───── Available data
(* Let $\gamma\in\Gamma$ and let $C$, $C'$ be ordinary non-singular plane quartics defined over $k$ for which there exist $Q,Q'\in\mathcal{D}_\gamma$ and isomorphisms $\phi:C\to C_Q$, $\phi':C'\to C_{Q'}$ (defined over $\overline{k}$) with $\sigma\phi\circ\phi^{-1}=\gamma=\sigma\phi'\circ\phi'^{-1}$. Then the sets of bitangents $\mathcal{B}$ of $C$ and $\mathcal{B}'$ of $C'$ are $\mathrm{PGL}_3(k)$-equivalent, i.e. there is $\eta\in\mathrm{PGL}_3(k)$ with $\eta(\mathcal{B})=\mathcal{B}'$.
   Context: $k=\mathbb{F}_q$, $q$ a power of 2, $\overline{k}$ an algebraic closure, $\sigma(a)=a^q$ the Frobenius, acting coefficientwise on polynomials and maps. Isomorphisms between non-singular plane quartics are induced by elements of $\mathrm{PGL}_3(\overline{k})$. For $\gamma\in\mathrm{PGL}_3(\overline{k})$ with rows $\ell_1,\ell_2,\ell_3$ and homogeneous $F$, $F^\gamma=F(\ell_1,\ell_2,\ell_3)$. $\mathcal{Q}$ is the set of quadratic forms $Q=ax^2+by^2+cz^2+dxy+eyz+fzx$ over $\overline{k}$ with $abc\ne0$, $a+b+d\ne0$, $b+c+e\ne0$, $a+c+f\ne0$, $a+b+c+d+e+f\ne1$; $C_Q:Q^2=xyz(x+y+z)$. $\Gamma=\mathrm{PGL}_3(\mathbb{F}_2)$; for $\gamma\in\Gamma$ with rows $\ell_i$, $H_\gamma$ is defined by $\ell_1\ell_2\ell_3(\ell_1+\ell_2+\ell_3)=xyz(x+y+z)+H_\gamma^2$, $\gamma(Q)=Q^{\gamma^{-1}}+H_{\gamma^{-1}}$ (so $\gamma(C_Q)=C_{\gamma(Q)}$), and $\mathcal{D}_\gamma=\{Q\in\mathcal{Q}:\gamma(Q)=\sigma Q\}$. Ordinary means the Jacobian has 2-rank 3. *)

theory Defs
  imports "HOL-Analysis.Analysis" "HOL-Computational_Algebra.Polynomial"
begin

text \<open>Ternary forms over a field, represented by their coefficient functions:
  F i j l is the coefficient of x^i y^j z^l.\<close>
type_synonym 'a form = "nat \<Rightarrow> nat \<Rightarrow> nat \<Rightarrow> 'a"

definition homog :: "nat \<Rightarrow> 'a::zero form \<Rightarrow> bool" where
  "homog d F \<longleftrightarrow> (\<forall>i j l. F i j l \<noteq> 0 \<longrightarrow> i + j + l = d)"

definition monoms :: "nat \<Rightarrow> (nat \<times> nat \<times> nat) set" where
  "monoms d = {(a, b, c). a \<le> d \<and> b \<le> d \<and> c \<le> d \<and> a + b + c = d}"

definition fadd :: "'a::plus form \<Rightarrow> 'a form \<Rightarrow> 'a form" where
  "fadd F G = (\<lambda>i j l. F i j l + G i j l)"

definition fscale :: "'a::times \<Rightarrow> 'a form \<Rightarrow> 'a form" where
  "fscale c F = (\<lambda>i j l. c * F i j l)"

definition fmul :: "'a::comm_semiring_1 form \<Rightarrow> 'a form \<Rightarrow> 'a form" where
  "fmul F G = (\<lambda>i j l. \<Sum>i1\<le>i. \<Sum>j1\<le>j. \<Sum>l1\<le>l.
                 F i1 j1 l1 * G (i - i1) (j - j1) (l - l1))"

definition fone :: "'a::comm_semiring_1 form" where
  "fone = (\<lambda>i j l. if i = 0 \<and> j = 0 \<and> l = 0 then 1 else 0)"

definition fpow :: "'a::comm_semiring_1 form \<Rightarrow> nat \<Rightarrow> 'a form" where
  "fpow F n = ((fmul F) ^^ n) fone"

definition linform :: "'a::comm_semiring_1 ^ 3 \<Rightarrow> 'a form" where
  "linform w = (\<lambda>i j l. if (i, j, l) = (1, 0, 0) then w $ 1
                        else if (i, j, l) = (0, 1, 0) then w $ 2
                        else if (i, j, l) = (0, 0, 1) then w $ 3 else 0)"

definition fev :: "nat \<Rightarrow> 'a::comm_semiring_1 form \<Rightarrow> 'a ^ 3 \<Rightarrow> 'a" where
  "fev d F v = (\<Sum>(a, b, c)\<in>monoms d. F a b c * (v $ 1) ^ a * (v $ 2) ^ b * (v $ 3) ^ c)"

text \<open>F^gamma = F(l1, l2, l3), where l1, l2, l3 are the rows of the matrix M
  (so fev (F^M) v = fev F (M *v v)); d is the degree of F.\<close>
definition fsubst :: "nat \<Rightarrow> 'a::comm_semiring_1 form \<Rightarrow> 'a ^ 3 ^ 3 \<Rightarrow> 'a form" where
  "fsubst d F M = (\<lambda>i j l. \<Sum>(a, b, c)\<in>monoms d.
      F a b c * fmul (fmul (fpow (linform (M $ 1)) a) (fpow (linform (M $ 2)) b))
                     (fpow (linform (M $ 3)) c) i j l)"

definition fdx :: "'a::comm_semiring_1 form \<Rightarrow> 'a form" where
  "fdx F = (\<lambda>i j l. of_nat (i + 1) * F (i + 1) j l)"
definition fdy :: "'a::comm_semiring_1 form \<Rightarrow> 'a form" where
  "fdy F = (\<lambda>i j l. of_nat (j + 1) * F i (j + 1) l)"
definition fdz :: "'a::comm_semiring_1 form \<Rightarrow> 'a form" where
  "fdz F = (\<lambda>i j l. of_nat (l + 1) * F i j (l + 1))"

definition nonsingular_quartic :: "'a::comm_semiring_1 form \<Rightarrow> bool" where
  "nonsingular_quartic F \<longleftrightarrow> homog 4 F \<and> (\<exists>i j l. F i j l \<noteq> 0) \<and>
     \<not> (\<exists>v. v \<noteq> 0 \<and> fev 4 F v = 0 \<and> fev 3 (fdx F) v = 0 \<and>
              fev 3 (fdy F) v = 0 \<and> fev 3 (fdz F) v = 0)"

text \<open>Frobenius a \<mapsto> a^q and the field k = F_q inside the algebraic closure.\<close>
definition kfield :: "nat \<Rightarrow> 'a::comm_semiring_1 set" where
  "kfield q = {a. a ^ q = a}"

definition fsig :: "nat \<Rightarrow> 'a::comm_semiring_1 form \<Rightarrow> 'a form" where
  "fsig q F = (\<lambda>i j l. (F i j l) ^ q)"

definition msig :: "nat \<Rightarrow> 'a::comm_semiring_1 ^ 3 ^ 3 \<Rightarrow> 'a ^ 3 ^ 3" where
  "msig q M = map_matrix (\<lambda>a. a ^ q) M"

definition smat :: "'a::times \<Rightarrow> 'a ^ 3 ^ 3 \<Rightarrow> 'a ^ 3 ^ 3" where
  "smat c M = (\<chi> i j. c * M $ i $ j)"

definition Xf :: "'a::comm_semiring_1 form" where "Xf = linform (vector [1, 0, 0])"
definition Yf :: "'a::comm_semiring_1 form" where "Yf = linform (vector [0, 1, 0])"
definition Zf :: "'a::comm_semiring_1 form" where "Zf = linform (vector [0, 0, 1])"

definition xyzw :: "'a::comm_semiring_1 form" where
  "xyzw = fmul (fmul (fmul Xf Yf) Zf) (fadd (fadd Xf Yf) Zf)"

text \<open>The curve C_Q : Q^2 = xyz(x+y+z), i.e. (characteristic 2) Q^2 + xyz(x+y+z) = 0.\<close>
definition FQ :: "'a::comm_semiring_1 form \<Rightarrow> 'a form" where
  "FQ Q = fadd (fmul Q Q) xyzw"

definition Hform :: "'a::comm_semiring_1 ^ 3 ^ 3 \<Rightarrow> 'a form" where
  "Hform M = (THE H. homog 2 H \<and> fsubst 4 xyzw M = fadd xyzw (fmul H H))"

text \<open>Gamma = PGL_3(F_2) = GL_3(F_2): invertible 0/1 matrices.\<close>
definition Gamma :: "('a::comm_semiring_1 ^ 3 ^ 3) set" where
  "Gamma = {G. (\<forall>i j. G $ i $ j = 0 \<or> G $ i $ j = 1) \<and> invertible G}"

definition gact :: "'a::comm_semiring_1 ^ 3 ^ 3 \<Rightarrow> 'a form \<Rightarrow> 'a form" where
  "gact G Q = fadd (fsubst 2 Q (matrix_inv G)) (Hform (matrix_inv G))"

definition Qset :: "'a::comm_ring_1 form set" where
  "Qset = {Q. homog 2 Q \<and>
     (let a = Q 2 0 0; b = Q 0 2 0; c = Q 0 0 2; d = Q 1 1 0; e = Q 0 1 1; f = Q 1 0 1 in
       a * b * c \<noteq> 0 \<and> a + b + d \<noteq> 0 \<and> b + c + e \<noteq> 0 \<and> a + c + f \<noteq> 0 \<and>
       a + b + c + d + e + f \<noteq> 1)}"

definition Dset :: "nat \<Rightarrow> 'a::comm_ring_1 ^ 3 ^ 3 \<Rightarrow> 'a form set" where
  "Dset q G = {Q \<in> Qset. gact G Q = fsig q Q}"

text \<open>An isomorphism C_F \<rightarrow> C_G induced by the invertible matrix M (points P \<mapsto> M P):
  F is, up to a nonzero scalar, G^M.\<close>
definition iso_by :: "'a::field form \<Rightarrow> 'a form \<Rightarrow> 'a ^ 3 ^ 3 \<Rightarrow> bool" where
  "iso_by F G M \<longleftrightarrow> invertible M \<and> (\<exists>c. c \<noteq> 0 \<and> F = fscale c (fsubst 4 G M))"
──────────
- What you will do -
Scan the material above and copy every line that holds the string "Qset".

- Answer area -
definition Qset :: "'a::comm_ring_1 form set" where
  "Qset = {Q. homog 2 Q \<and>
  "Dset q G = {Q \<in> Qset. gact G Q = fsig q Q}"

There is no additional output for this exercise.